» **TASK TO CARRY OUT**
Please reproduce all of the entries exactly, without omitting any.

» **MATERIALS PROVIDED**
(* Let $S$ be an additively cancellative centrally essential semiring. Then every complemented idempotent of $S$ is central, i.e. if $e,f\in S$ satisfy $e^2=e$, $f^2=f$ and $e+f=1$, then $e\in C(S)$.
   Context: A semiring is a set $S$ with two binary operations $+$ and $\cdot$ such that $(S,+)$ is a commutative monoid with neutral element $0$, $(S,\cdot)$ is a monoid with identity $1$, multiplication distributes over addition on both sides, and $0s=s0=0$ for all $s\in S$. The center is $C(S)=\{s\in S: ss'=s's \text{ for all } s'\in S\}$. $S$ is centrally essential if for every non-zero $x\in S$ there exist non-zero $y,z\in C(S)$ with $xy=z$. $S$ is additively cancellative if $x+z=y+z$ implies $x=y$. An idempotent $e$ is complemented if there is an idempotent $f\in S$ with $e+f=1$. *)

theory Defs
  imports Main
begin

text \<open>Semirings are modelled by the type class combination {semiring_0, monoid_mult}:
  commutative additive monoid, multiplicative monoid with 1, two-sided distributivity,
  and 0 absorbing. (No requirement 0 ~= 1.)\<close>

definition center :: "'a::{semiring_0,monoid_mult} set" where
  "center = {s. \<forall>s'. s * s' = s' * s}"

definition centrally_essential :: "'a::{semiring_0,monoid_mult} itself \<Rightarrow> bool" where
  "centrally_essential _ \<longleftrightarrow>
     (\<forall>x::'a. x \<noteq> 0 \<longrightarrow> (\<exists>y z. y \<in> center \<and> z \<in> center \<and> y \<noteq> 0 \<and> z \<noteq> 0 \<and> x * y = z))"

definition add_cancellative :: "'a::{semiring_0,monoid_mult} itself \<Rightarrow> bool" where
  "add_cancellative _ \<longleftrightarrow> (\<forall>x y z::'a. x + z = y + z \<longrightarrow> x = y)"

end

theory Submission
  imports Defs
begin

text \<open>Cancellation makes the complementary idempotents \<open>e\<close> and \<open>f\<close> orthogonal, so every \<open>s\<close>
  splits into Peirce corners \<open>ese + esf + fse + fsf\<close>. An off-diagonal corner \<open>x = esf\<close> satisfies
  \<open>ex = x\<close> and \<open>xe = 0\<close>; for central \<open>y\<close> the central element \<open>z = xy\<close> inherits both equations,
  and \<open>ez = ze\<close> then forces \<open>z = 0\<close>. Central essentiality therefore kills both off-diagonal
  corners, and \<open>es = ese = se\<close>.\<close>

lemma add_cancellative_right_cancel:
  fixes x y z :: "'a::{semiring_0,monoid_mult}"
  assumes "add_cancellative TYPE('a)" and "x + z = y + z"
  shows "x = y"
  using assms unfolding add_cancellative_def by blast

lemma add_cancellative_complement_orthogonal:
  fixes e f :: "'a::{semiring_0,monoid_mult}"
  assumes canc: "add_cancellative TYPE('a)" and idem: "e * e = e" and compl: "e + f = 1"
  shows "e * f = 0" and "f * e = 0"
proof -
  have "e * f + e = 0 + e"
    using arg_cong[where f = "(*) e", OF compl] idem by (simp add: distrib_left add.commute)
  then show "e * f = 0" by (rule add_cancellative_right_cancel[OF canc])
  have "f * e + e = 0 + e"
    using arg_cong[where f = "\<lambda>t. t * e", OF compl] idem by (simp add: distrib_right add.commute)
  then show "f * e = 0" by (rule add_cancellative_right_cancel[OF canc])
qed

lemma centrally_essential_fixed_annihilated_eq_0:
  fixes a x :: "'a::{semiring_0,monoid_mult}"
  assumes ce: "centrally_essential TYPE('a)" and fixed: "a * x = x" and annihilated: "x * a = 0"
  shows "x = 0"
proof (rule ccontr)
  assume "x \<noteq> 0"
  then obtain y z where y: "y \<in> center" and z: "z \<in> center" and "z \<noteq> 0" and xy: "x * y = z"
    using ce unfolding centrally_essential_def by blast
  have "a * z = z"
    using fixed xy by (metis mult.assoc)
  moreover have "z * a = 0"
  proof -
    have "y * a = a * y"
      using y by (simp add: center_def)
    then have "z * a = x * (a * y)"
      using xy by (metis mult.assoc)
    also have "\<dots> = 0"
      using annihilated by (metis mult.assoc mult_zero_left)
    finally show ?thesis .
  qed
  moreover have "a * z = z * a"
    using z by (simp add: center_def)
  ultimately show False
    using \<open>z \<noteq> 0\<close> by simp
qed

lemma centrally_essential_off_diagonal_corner_eq_0:
  fixes e f s :: "'a::{semiring_0,monoid_mult}"
  assumes "centrally_essential TYPE('a)" and "e * e = e" and "f * e = 0"
  shows "e * s * f = 0"
proof -
  have "e * (e * s * f) = e * s * f"
    using assms(2) by (simp add: mult.assoc[symmetric])
  moreover have "e * s * f * e = 0"
    using assms(3) by (simp add: mult.assoc)
  ultimately show ?thesis
    by (rule centrally_essential_fixed_annihilated_eq_0[OF assms(1)])
qed

lemma commute_if_off_diagonal_corners_eq_0:
  fixes e f s :: "'a::{semiring_0,monoid_mult}"
  assumes compl: "e + f = 1" and "e * s * f = 0" and "f * s * e = 0"
  shows "e * s = s * e"
proof -
  have "e * s = e * s * (e + f)"
    using compl by simp
  also have "\<dots> = e * s * e"
    using assms(2) by (simp add: distrib_left)
  also have "\<dots> = (e + f) * s * e"
    using assms(3) by (simp add: distrib_right)
  also have "\<dots> = s * e"
    using compl by simp
  finally show ?thesis .
qed

theorem proposition2p3:
  fixes e f :: "'a::{semiring_0,monoid_mult}"
  assumes "add_cancellative TYPE('a)"
    and "centrally_essential TYPE('a)"
    and "e * e = e" and "f * f = f" and "e + f = 1"
  shows "e \<in> center"
proof -
  have "f * e = 0" and "e * f = 0"
    using add_cancellative_complement_orthogonal[OF assms(1,3,5)] by simp_all
  have "e * s * f = 0" and "f * s * e = 0" for s
    using centrally_essential_off_diagonal_corner_eq_0[OF assms(2,3) \<open>f * e = 0\<close>]
      centrally_essential_off_diagonal_corner_eq_0[OF assms(2,4) \<open>e * f = 0\<close>] by blast+
  then show ?thesis
    unfolding center_def using commute_if_off_diagonal_corners_eq_0[OF assms(5)] by blast
qed

end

» **RESPONSE TO THIS TASK**
(* Let $S$ be an additively cancellative centrally essential semiring. Then every complemented idempotent of $S$ is central, i.e. if $e,f\in S$ satisfy $e^2=e$, $f^2=f$ and $e+f=1$, then $e\in C(S)$.
   Context: A semiring is a set $S$ with two binary operations $+$ and $\cdot$ such that $(S,+)$ is a commutative monoid with neutral element $0$, $(S,\cdot)$ is a monoid with identity $1$, multiplication distributes over addition on both sides, and $0s=s0=0$ for all $s\in S$. The center is $C(S)=\{s\in S: ss'=s's \text{ for all } s'\in S\}$. $S$ is centrally essential if for every non-zero $x\in S$ there exist non-zero $y,z\in C(S)$ with $xy=z$. $S$ is additively cancellative if $x+z=y+z$ implies $x=y$. An idempotent $e$ is complemented if there is an idempotent $f\in S$ with $e+f=1$. *)

theory Defs
  imports Main
begin

text \<open>Semirings are modelled by the type class combination {semiring_0, monoid_mult}:
  commutative additive monoid, multiplicative monoid with 1, two-sided distributivity,
  and 0 absorbing. (No requirement 0 ~= 1.)\<close>

definition center :: "'a::{semiring_0,monoid_mult} set" where
  "center = {s. \<forall>s'. s * s' = s' * s}"

definition centrally_essential :: "'a::{semiring_0,monoid_mult} itself \<Rightarrow> bool" where
  "centrally_essential _ \<longleftrightarrow>
     (\<forall>x::'a. x \<noteq> 0 \<longrightarrow> (\<exists>y z. y \<in> center \<and> z \<in> center \<and> y \<noteq> 0 \<and> z \<noteq> 0 \<and> x * y = z))"

definition add_cancellative :: "'a::{semiring_0,monoid_mult} itself \<Rightarrow> bool" where
  "add_cancellative _ \<longleftrightarrow> (\<forall>x y z::'a. x + z = y + z \<longrightarrow> x = y)"

end

theory Submission
  imports Defs
begin

text \<open>Cancellation makes the complementary idempotents \<open>e\<close> and \<open>f\<close> orthogonal, so every \<open>s\<close>
  splits into Peirce corners \<open>ese + esf + fse + fsf\<close>. An off-diagonal corner \<open>x = esf\<close> satisfies
  \<open>ex = x\<close> and \<open>xe = 0\<close>; for central \<open>y\<close> the central element \<open>z = xy\<close> inherits both equations,
  and \<open>ez = ze\<close> then forces \<open>z = 0\<close>. Central essentiality therefore kills both off-diagonal
  corners, and \<open>es = ese = se\<close>.\<close>

lemma add_cancellative_right_cancel:
  fixes x y z :: "'a::{semiring_0,monoid_mult}"
  assumes "add_cancellative TYPE('a)" and "x + z = y + z"
  shows "x = y"
  using assms unfolding add_cancellative_def by blast

lemma add_cancellative_complement_orthogonal:
  fixes e f :: "'a::{semiring_0,monoid_mult}"
  assumes canc: "add_cancellative TYPE('a)" and idem: "e * e = e" and compl: "e + f = 1"
  shows "e * f = 0" and "f * e = 0"
proof -
  have "e * f + e = 0 + e"
    using arg_cong[where f = "(*) e", OF compl] idem by (simp add: distrib_left add.commute)
  then show "e * f = 0" by (rule add_cancellative_right_cancel[OF canc])
  have "f * e + e = 0 + e"
    using arg_cong[where f = "\<lambda>t. t * e", OF compl] idem by (simp add: distrib_right add.commute)
  then show "f * e = 0" by (rule add_cancellative_right_cancel[OF canc])
qed

lemma centrally_essential_fixed_annihilated_eq_0:
  fixes a x :: "'a::{semiring_0,monoid_mult}"
  assumes ce: "centrally_essential TYPE('a)" and fixed: "a * x = x" and annihilated: "x * a = 0"
  shows "x = 0"
proof (rule ccontr)
  assume "x \<noteq> 0"
  then obtain y z where y: "y \<in> center" and z: "z \<in> center" and "z \<noteq> 0" and xy: "x * y = z"
    using ce unfolding centrally_essential_def by blast
  have "a * z = z"
    using fixed xy by (metis mult.assoc)
  moreover have "z * a = 0"
  proof -
    have "y * a = a * y"
      using y by (simp add: center_def)
    then have "z * a = x * (a * y)"
      using xy by (metis mult.assoc)
    also have "\<dots> = 0"
      using annihilated by (metis mult.assoc mult_zero_left)
    finally show ?thesis .
  qed
  moreover have "a * z = z * a"
    using z by (simp add: center_def)
  ultimately show False
    using \<open>z \<noteq> 0\<close> by simp
qed

lemma centrally_essential_off_diagonal_corner_eq_0:
  fixes e f s :: "'a::{semiring_0,monoid_mult}"
  assumes "centrally_essential TYPE('a)" and "e * e = e" and "f * e = 0"
  shows "e * s * f = 0"
proof -
  have "e * (e * s * f) = e * s * f"
    using assms(2) by (simp add: mult.assoc[symmetric])
  moreover have "e * s * f * e = 0"
    using assms(3) by (simp add: mult.assoc)
  ultimately show ?thesis
    by (rule centrally_essential_fixed_annihilated_eq_0[OF assms(1)])
qed

lemma commute_if_off_diagonal_corners_eq_0:
  fixes e f s :: "'a::{semiring_0,monoid_mult}"
  assumes compl: "e + f = 1" and "e * s * f = 0" and "f * s * e = 0"
  shows "e * s = s * e"
proof -
  have "e * s = e * s * (e + f)"
    using compl by simp
  also have "\<dots> = e * s * e"
    using assms(2) by (simp add: distrib_left)
  also have "\<dots> = (e + f) * s * e"
    using assms(3) by (simp add: distrib_right)
  also have "\<dots> = s * e"
    using compl by simp
  finally show ?thesis .
qed

theorem proposition2p3:
  fixes e f :: "'a::{semiring_0,monoid_mult}"
  assumes "add_cancellative TYPE('a)"
    and "centrally_essential TYPE('a)"
    and "e * e = e" and "f * f = f" and "e + f = 1"
  shows "e \<in> center"
proof -
  have "f * e = 0" and "e * f = 0"
    using add_cancellative_complement_orthogonal[OF assms(1,3,5)] by simp_all
  have "e * s * f = 0" and "f * s * e = 0" for s
    using centrally_essential_off_diagonal_corner_eq_0[OF assms(2,3) \<open>f * e = 0\<close>]
      centrally_essential_off_diagonal_corner_eq_0[OF assms(2,4) \<open>e * f = 0\<close>] by blast+
  then show ?thesis
    unfolding center_def using commute_if_off_diagonal_corners_eq_0[OF assms(5)] by blast
qed

end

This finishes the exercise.